[Stored records]
lemma exists_turn_rotation_iff_power_eq:
  fixes n m r :: nat and a ah :: complex
  assumes "0 < m" and "0 < r" and "coprime n m"
  shows "(\<exists>j::int. a = turn (of_int (int r * j) * (of_nat n / of_nat m)) * ah)
    \<longleftrightarrow> a ^ (lcm r m div r) = ah ^ (lcm r m div r)"
proof -
  define g where "g = gcd r m"
  define N where "N = m div g"
  define u where "u = r div g * n"
  have g: "0 < g" "g dvd r" "g dvd m"
    using assms(2) by (simp_all add: g_def)
  have N: "lcm r m div r = N" and "0 < N"
    using assms(1,2) by (simp_all add: N_def g_def lcm_div_left_eq div_greater_zero_iff)
  have "N dvd m"
    using g(3) unfolding N_def by (metis dvd_div_mult_self dvd_triv_left)
  then have "coprime (r div g) N" and "coprime n N"
    using div_gcd_coprime[of r m] assms(2,3) coprime_divisors[of n n N m]
    by (simp_all add: N_def g_def)
  then have cop: "coprime u N"
    by (simp add: u_def)
  have rot: "of_int (int r * j) * (of_nat n / of_nat m) = of_int j * of_nat u / (of_nat N :: rat)"
    for j
  proof -
    have "(of_nat r :: rat) = of_nat (r div g) * of_nat g" and "(of_nat m :: rat) = of_nat N * of_nat g"
      using g by (simp_all add: N_def flip: of_nat_mult)
    then show ?thesis
      using g \<open>0 < N\<close> by (simp add: u_def field_simps)
  qed
  show ?thesis
  proof (cases "ah = 0")
    case True
    then show ?thesis
      using \<open>0 < N\<close> by (simp add: N power_0_left)
  next
    case False
    have "(\<exists>j::int. a = turn (of_int (int r * j) * (of_nat n / of_nat m)) * ah)
        \<longleftrightarrow> (\<exists>j::int. a / ah = turn (of_int j * of_nat u / of_nat N))"
      unfolding rot using False by (simp add: field_simps)
    also have "\<dots> \<longleftrightarrow> (a / ah) ^ N = 1"
      using power_eq_1_iff_turn[OF \<open>0 < N\<close> cop] by simp
    also have "\<dots> \<longleftrightarrow> a ^ N = ah ^ N"
      using False by (simp add: power_divide)
    finally show ?thesis
      by (simp add: N)
  qed
qed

▶ [The problem] Could you reproduce every record above exactly as it stands?

▶ [Response]
lemma exists_turn_rotation_iff_power_eq:
  fixes n m r :: nat and a ah :: complex
  assumes "0 < m" and "0 < r" and "coprime n m"
  shows "(\<exists>j::int. a = turn (of_int (int r * j) * (of_nat n / of_nat m)) * ah)
    \<longleftrightarrow> a ^ (lcm r m div r) = ah ^ (lcm r m div r)"
proof -
  define g where "g = gcd r m"
  define N where "N = m div g"
  define u where "u = r div g * n"
  have g: "0 < g" "g dvd r" "g dvd m"
    using assms(2) by (simp_all add: g_def)
  have N: "lcm r m div r = N" and "0 < N"
    using assms(1,2) by (simp_all add: N_def g_def lcm_div_left_eq div_greater_zero_iff)
  have "N dvd m"
    using g(3) unfolding N_def by (metis dvd_div_mult_self dvd_triv_left)
  then have "coprime (r div g) N" and "coprime n N"
    using div_gcd_coprime[of r m] assms(2,3) coprime_divisors[of n n N m]
    by (simp_all add: N_def g_def)
  then have cop: "coprime u N"
    by (simp add: u_def)
  have rot: "of_int (int r * j) * (of_nat n / of_nat m) = of_int j * of_nat u / (of_nat N :: rat)"
    for j
  proof -
    have "(of_nat r :: rat) = of_nat (r div g) * of_nat g" and "(of_nat m :: rat) = of_nat N * of_nat g"
      using g by (simp_all add: N_def flip: of_nat_mult)
    then show ?thesis
      using g \<open>0 < N\<close> by (simp add: u_def field_simps)
  qed
  show ?thesis
  proof (cases "ah = 0")
    case True
    then show ?thesis
      using \<open>0 < N\<close> by (simp add: N power_0_left)
  next
    case False
    have "(\<exists>j::int. a = turn (of_int (int r * j) * (of_nat n / of_nat m)) * ah)
        \<longleftrightarrow> (\<exists>j::int. a / ah = turn (of_int j * of_nat u / of_nat N))"
      unfolding rot using False by (simp add: field_simps)
    also have "\<dots> \<longleftrightarrow> (a / ah) ^ N = 1"
      using power_eq_1_iff_turn[OF \<open>0 < N\<close> cop] by simp
    also have "\<dots> \<longleftrightarrow> a ^ N = ah ^ N"
      using False by (simp add: power_divide)
    finally show ?thesis
      by (simp add: N)
  qed
qed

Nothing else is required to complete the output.